═══ Records supplied ═══

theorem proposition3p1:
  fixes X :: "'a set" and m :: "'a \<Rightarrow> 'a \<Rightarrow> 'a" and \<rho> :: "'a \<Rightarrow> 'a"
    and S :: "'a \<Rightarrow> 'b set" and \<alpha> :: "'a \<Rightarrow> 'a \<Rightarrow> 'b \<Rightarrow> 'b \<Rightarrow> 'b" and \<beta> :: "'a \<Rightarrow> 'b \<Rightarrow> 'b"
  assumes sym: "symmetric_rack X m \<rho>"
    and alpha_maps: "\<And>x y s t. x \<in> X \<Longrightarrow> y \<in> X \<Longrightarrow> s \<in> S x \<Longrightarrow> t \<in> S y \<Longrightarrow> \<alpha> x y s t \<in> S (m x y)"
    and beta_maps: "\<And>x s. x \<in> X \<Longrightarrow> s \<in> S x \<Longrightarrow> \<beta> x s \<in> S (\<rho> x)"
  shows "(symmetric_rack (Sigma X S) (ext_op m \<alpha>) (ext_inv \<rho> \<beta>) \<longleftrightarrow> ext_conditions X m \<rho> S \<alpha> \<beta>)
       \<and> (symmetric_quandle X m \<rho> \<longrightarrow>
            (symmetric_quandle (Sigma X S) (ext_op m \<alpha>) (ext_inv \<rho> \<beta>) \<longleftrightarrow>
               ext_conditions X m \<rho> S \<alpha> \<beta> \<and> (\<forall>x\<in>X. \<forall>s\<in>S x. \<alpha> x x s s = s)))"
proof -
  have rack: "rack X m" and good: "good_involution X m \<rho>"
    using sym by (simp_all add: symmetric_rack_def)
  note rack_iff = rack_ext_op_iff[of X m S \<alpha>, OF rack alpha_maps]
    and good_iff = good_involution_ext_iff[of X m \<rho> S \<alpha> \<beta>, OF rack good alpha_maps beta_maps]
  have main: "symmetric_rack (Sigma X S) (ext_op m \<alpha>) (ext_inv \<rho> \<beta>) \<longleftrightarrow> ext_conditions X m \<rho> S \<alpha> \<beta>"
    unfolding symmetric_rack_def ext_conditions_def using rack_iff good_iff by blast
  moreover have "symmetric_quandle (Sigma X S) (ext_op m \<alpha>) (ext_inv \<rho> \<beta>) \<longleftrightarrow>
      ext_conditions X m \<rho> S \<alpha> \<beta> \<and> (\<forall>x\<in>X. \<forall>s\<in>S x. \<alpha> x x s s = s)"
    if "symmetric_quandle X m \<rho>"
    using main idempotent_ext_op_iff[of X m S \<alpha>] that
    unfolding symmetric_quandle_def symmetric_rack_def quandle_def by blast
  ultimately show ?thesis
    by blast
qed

═══
═══ Records supplied ═══

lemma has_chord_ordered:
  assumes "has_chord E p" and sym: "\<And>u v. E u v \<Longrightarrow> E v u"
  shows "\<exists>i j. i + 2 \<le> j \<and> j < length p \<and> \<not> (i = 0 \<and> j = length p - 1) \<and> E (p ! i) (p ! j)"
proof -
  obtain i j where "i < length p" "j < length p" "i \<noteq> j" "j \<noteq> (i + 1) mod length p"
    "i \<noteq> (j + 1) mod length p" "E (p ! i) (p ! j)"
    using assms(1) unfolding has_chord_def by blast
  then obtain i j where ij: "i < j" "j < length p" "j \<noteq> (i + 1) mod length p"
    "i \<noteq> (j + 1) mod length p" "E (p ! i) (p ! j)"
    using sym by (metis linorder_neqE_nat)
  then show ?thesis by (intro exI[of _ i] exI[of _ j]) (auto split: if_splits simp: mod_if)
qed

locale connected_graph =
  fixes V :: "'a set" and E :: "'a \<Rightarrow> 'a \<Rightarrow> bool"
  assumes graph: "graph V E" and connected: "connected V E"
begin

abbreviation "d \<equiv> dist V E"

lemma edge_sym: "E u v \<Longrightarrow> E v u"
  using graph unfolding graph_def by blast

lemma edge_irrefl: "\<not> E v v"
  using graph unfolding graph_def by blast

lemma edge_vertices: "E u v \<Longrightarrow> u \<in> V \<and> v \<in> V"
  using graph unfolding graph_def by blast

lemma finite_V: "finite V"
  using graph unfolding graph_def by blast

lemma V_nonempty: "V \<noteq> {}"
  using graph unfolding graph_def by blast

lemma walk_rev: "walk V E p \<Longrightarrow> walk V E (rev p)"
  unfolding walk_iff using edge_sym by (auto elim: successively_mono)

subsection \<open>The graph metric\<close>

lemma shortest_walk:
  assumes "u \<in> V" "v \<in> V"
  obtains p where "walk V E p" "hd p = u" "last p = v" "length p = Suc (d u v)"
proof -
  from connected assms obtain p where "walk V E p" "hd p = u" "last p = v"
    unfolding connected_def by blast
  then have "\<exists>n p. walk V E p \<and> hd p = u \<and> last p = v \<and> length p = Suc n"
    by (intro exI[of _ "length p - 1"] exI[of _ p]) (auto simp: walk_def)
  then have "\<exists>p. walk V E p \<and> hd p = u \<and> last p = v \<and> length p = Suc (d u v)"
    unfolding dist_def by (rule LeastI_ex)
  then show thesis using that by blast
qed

═══

▸ **Task to carry out**:
Where the string "thesis" appears in a line of the listing, copy that line.

▸ **Reply**:
  ultimately show ?thesis
  then show ?thesis by (intro exI[of _ i] exI[of _ j]) (auto split: if_splits simp: mod_if)
  then show thesis using that by blast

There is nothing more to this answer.